Dataset entries.
lemma dpart_cong_open:
  "f differentiable (at x) \<Longrightarrow> open S \<Longrightarrow> x \<in> S \<Longrightarrow> (\<And>y. y \<in> S \<Longrightarrow> f y = g y) \<Longrightarrow>
    dpart f x = dpart g x"
  unfolding dpart_eq_frechet_derivative by (rule frechet_derivative_transform_within_open)

lemma has_derivative_periodic:
  assumes periodic: "\<And>y. f (y + c) = f y" and "(f has_derivative D) (at x)"
  shows "(f has_derivative D) (at (x + c))"
proof -
  have "((\<lambda>y. y - c) has_derivative id) (at (x + c))"
    by (auto intro!: derivative_eq_intros simp: id_def)
  from has_derivative_compose[OF this, of f D] assms(2)
  have "((\<lambda>y. f (y - c)) has_derivative D) (at (x + c))" by (simp add: o_def)
  moreover have "f (y - c) = f y" for y using periodic[of "y - c"] by simp
  ultimately show ?thesis by simp
qed

lemma dpart_periodic:
  assumes "\<And>y. f (y + c) = f y"
  shows "dpart f (x + c) = dpart f x"
proof -
  have "f (y + - c) = f y" for y using assms[of "y - c"] by simp
  then have "(f has_derivative D) (at (x + c)) \<longleftrightarrow> (f has_derivative D) (at x)" for D
    using has_derivative_periodic[of f c D x] has_derivative_periodic[of f "- c" D "x + c"] assms
    by auto
  then show ?thesis
    unfolding dpart_eq_frechet_derivative frechet_derivative_def by simp
qed

lemma dpart_line:
  assumes "f differentiable (at x)"
  shows "((\<lambda>t. f (x + t *\<^sub>R v)) has_vector_derivative dpart f x v) (at 0)"
proof -
  have "((\<lambda>t. x + t *\<^sub>R v) has_derivative (\<lambda>t. t *\<^sub>R v)) (at 0)"
    by (auto intro!: derivative_eq_intros)
  moreover have "(f has_derivative dpart f x) (at (x + 0 *\<^sub>R v))"
    using has_derivative_dpart[OF assms] by simp
  ultimately have "((\<lambda>t. f (x + t *\<^sub>R v)) has_derivative (\<lambda>t. dpart f x (t *\<^sub>R v))) (at 0)"
    by (rule has_derivative_compose)
  then show ?thesis
    unfolding has_vector_derivative_def
    using linear_scale[OF has_derivative_linear[OF has_derivative_dpart[OF assms]]] by simp
qed

lemma dpart_affine_line:
  assumes "f differentiable (at x)" "\<And>t. f (x + t *\<^sub>R v) = f x + of_real t * c"
  shows "dpart f x v = c"
proof -
  have "((\<lambda>t. f x + of_real t * c) has_vector_derivative c) (at 0)"
    by (auto intro!: derivative_eq_intros)
  then have "((\<lambda>t. f (x + t *\<^sub>R v)) has_vector_derivative c) (at 0)"
    by (simp add: assms(2))
  with dpart_line[OF assms(1)] show ?thesis
    by (rule vector_derivative_unique_at)
qed

lemma dpart_opposite_directions:
  fixes f :: "'a::real_normed_vector \<Rightarrow> complex"
  assumes S: "open S" "x \<in> S" and f: "twice_diff_on f S"
    and invariant: "\<And>y t. f (y + t *\<^sub>R (v + w)) = f y"
  shows "dpart f x v = - dpart f x w"
    and "dpart (\<lambda>y. dpart f y v) x v = dpart (\<lambda>y. dpart f y w) x w"
proof -
  have opposite: "dpart g y v = - dpart g y w"
    if "g differentiable (at y)" "\<And>z t. g (z + t *\<^sub>R (v + w)) = g z" for g :: "'a \<Rightarrow> complex" and y
  proof -
    have "dpart g y (v + w) = 0"
      by (rule dpart_affine_line[OF that(1)]) (simp add: that(2))
    then show ?thesis
      using linear_add[OF has_derivative_linear[OF has_derivative_dpart[OF that(1)]]]
      by (simp add: eq_neg_iff_add_eq_0)
  qed
  have first: "dpart f y v = - dpart f y w" if "y \<in> S" for y
    using f that invariant unfolding twice_diff_on_def by (blast intro: opposite)
  then show "dpart f x v = - dpart f x w" using S by blast
  have diff: "(\<lambda>y. dpart f y u) differentiable (at x)" for u
    using f S unfolding twice_diff_on_def by blast
  have "dpart f (z + t *\<^sub>R (v + w)) = dpart f z" for z t
    by (rule dpart_periodic) (rule invariant)
  then have "dpart (\<lambda>y. dpart f y w) x v = - dpart (\<lambda>y. dpart f y w) x w"
    by (intro opposite diff) simp
  moreover have "dpart (\<lambda>y. dpart f y v) x v = dpart (\<lambda>y. - dpart f y w) x v"
    using dpart_cong_open[OF diff S] first by metis
  ultimately show "dpart (\<lambda>y. dpart f y v) x v = dpart (\<lambda>y. dpart f y w) x w"
    by (simp add: dpart_uminus[OF diff])
qed

lemma dpart_affine_direction:
  fixes f :: "'a::real_normed_vector \<Rightarrow> complex"
  assumes "x \<in> S" and f: "twice_diff_on f S"
    and affine: "\<And>y t. f (y + t *\<^sub>R v) = f y + of_real t * c y"
    and c: "\<And>y t. c (y + t *\<^sub>R v) = c y"
    and S: "\<And>y t. y \<in> S \<Longrightarrow> y + t *\<^sub>R v \<in> S"
  shows "dpart f x v = c x" and "dpart (\<lambda>y. dpart f y v) x v = 0"
proof -
  have first: "dpart f y v = c y" if "y \<in> S" for y
    using f that unfolding twice_diff_on_def by (blast intro: dpart_affine_line affine)
  then show "dpart f x v = c x" using \<open>x \<in> S\<close> .
  show "dpart (\<lambda>y. dpart f y v) x v = 0"
  proof (rule dpart_affine_line)
    show "(\<lambda>y. dpart f y v) differentiable (at x)"
      using f \<open>x \<in> S\<close> unfolding twice_diff_on_def by blast
    show "dpart f (x + t *\<^sub>R v) v = dpart f x v + of_real t * 0" for t
      using \<open>x \<in> S\<close> by (simp add: first S c)
  qed
qed

lemma matrix_add_rdistrib: "((A::'a::semiring_1^'n^'m) + B) ** C = A ** C + B ** C"
  by (vector matrix_matrix_mult_def sum.distrib[symmetric] field_simps)

lemma matrix_diff_ldistrib: "(A::'a::ring_1^'n^'m) ** (B - C) = A ** B - A ** C"
  by (vector matrix_matrix_mult_def sum_subtractf[symmetric] field_simps)

lemma matrix_diff_rdistrib: "((A::'a::ring_1^'n^'m) - B) ** C = A ** C - B ** C"
  by (vector matrix_matrix_mult_def sum_subtractf[symmetric] field_simps)

lemma matrix_neg_left: "(- (A::'a::ring_1^'n^'m)) ** B = - (A ** B)"
  by (vector matrix_matrix_mult_def sum_negf[symmetric])

lemma matrix_neg_right: "(A::'a::ring_1^'n^'m) ** (- B) = - (A ** B)"
  by (vector matrix_matrix_mult_def sum_negf[symmetric])

lemma transpose_add: "transpose ((A::'a::ring_1^'n^'m) + B) = transpose A + transpose B"
  and transpose_diff: "transpose ((A::'a::ring_1^'n^'m) - B) = transpose A - transpose B"
  and transpose_uminus: "transpose (- (A::'a::ring_1^'n^'m)) = - transpose A"
  by (simp_all add: vec_eq_iff transpose_def)

lemma matrix_inv_right: "invertible A \<Longrightarrow> A ** matrix_inv A = mat 1"
  and matrix_inv_left: "invertible A \<Longrightarrow> matrix_inv A ** A = mat 1"
  unfolding invertible_def matrix_inv_def by (metis (mono_tags, lifting) someI_ex)+

lemma matrix_inv_unique:
  assumes "A ** B = mat 1" "B ** A = mat 1"
  shows "matrix_inv A = B"
proof -
  have "invertible A" using assms invertible_def by blast
  then have "matrix_inv A = matrix_inv A ** (A ** B)" by (simp add: assms)
  also have "\<dots> = B" by (simp add: matrix_mul_assoc matrix_inv_left \<open>invertible A\<close>)
  finally show ?thesis .
qed

lemma matrix_inv_mult:
  assumes "invertible A" "invertible B"
  shows "matrix_inv (A ** B) = matrix_inv B ** matrix_inv A"
proof (rule matrix_inv_unique)
  show "A ** B ** (matrix_inv B ** matrix_inv A) = mat 1"
    by (metis assms matrix_inv_right matrix_mul_assoc matrix_mul_rid)
  show "matrix_inv B ** matrix_inv A ** (A ** B) = mat 1"
    by (metis assms matrix_inv_left matrix_mul_assoc matrix_mul_rid)
qed

lemma matrix_inv_cramer:
  fixes A :: "complex^'n::finite^'n"
  assumes "det A \<noteq> 0"
  shows "matrix_inv A $ i $ j = det (\<chi> k l. if l = i then (if k = j then 1 else 0) else A $ k $ l) / det A"
proof -
  let ?e = "(\<chi> k. if k = j then 1 else 0) :: complex^'n"
  have "invertible A" using assms invertible_det_nz by blast
  then have "A *v (matrix_inv A *v ?e) = ?e"
    by (simp add: matrix_vector_mul_assoc matrix_inv_right)
  then have "(matrix_inv A *v ?e) $ i = det (\<chi> k l. if l = i then ?e $ k else A $ k $ l) / det A"
    using cramer[OF assms] by simp
  moreover have "(matrix_inv A *v ?e) $ i = matrix_inv A $ i $ j"
    by (simp add: matrix_vector_mult_def if_distrib cong: if_cong)
  moreover have "(\<chi> k l. if l = i then ?e $ k else A $ k $ l)
      = (\<chi> k l. if l = i then (if k = j then 1 else 0) else A $ k $ l)"
    by (simp add: vec_eq_iff)
  ultimately show ?thesis by metis
qed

TASK REQUIREMENTS.
Repeat every line of the data word for word until you have repeated the line that contains "(simp add: o_def)", which is the last one to include.

TASK RESPONSE.
lemma dpart_cong_open:
  "f differentiable (at x) \<Longrightarrow> open S \<Longrightarrow> x \<in> S \<Longrightarrow> (\<And>y. y \<in> S \<Longrightarrow> f y = g y) \<Longrightarrow>
    dpart f x = dpart g x"
  unfolding dpart_eq_frechet_derivative by (rule frechet_derivative_transform_within_open)

lemma has_derivative_periodic:
  assumes periodic: "\<And>y. f (y + c) = f y" and "(f has_derivative D) (at x)"
  shows "(f has_derivative D) (at (x + c))"
proof -
  have "((\<lambda>y. y - c) has_derivative id) (at (x + c))"
    by (auto intro!: derivative_eq_intros simp: id_def)
  from has_derivative_compose[OF this, of f D] assms(2)
  have "((\<lambda>y. f (y - c)) has_derivative D) (at (x + c))" by (simp add: o_def)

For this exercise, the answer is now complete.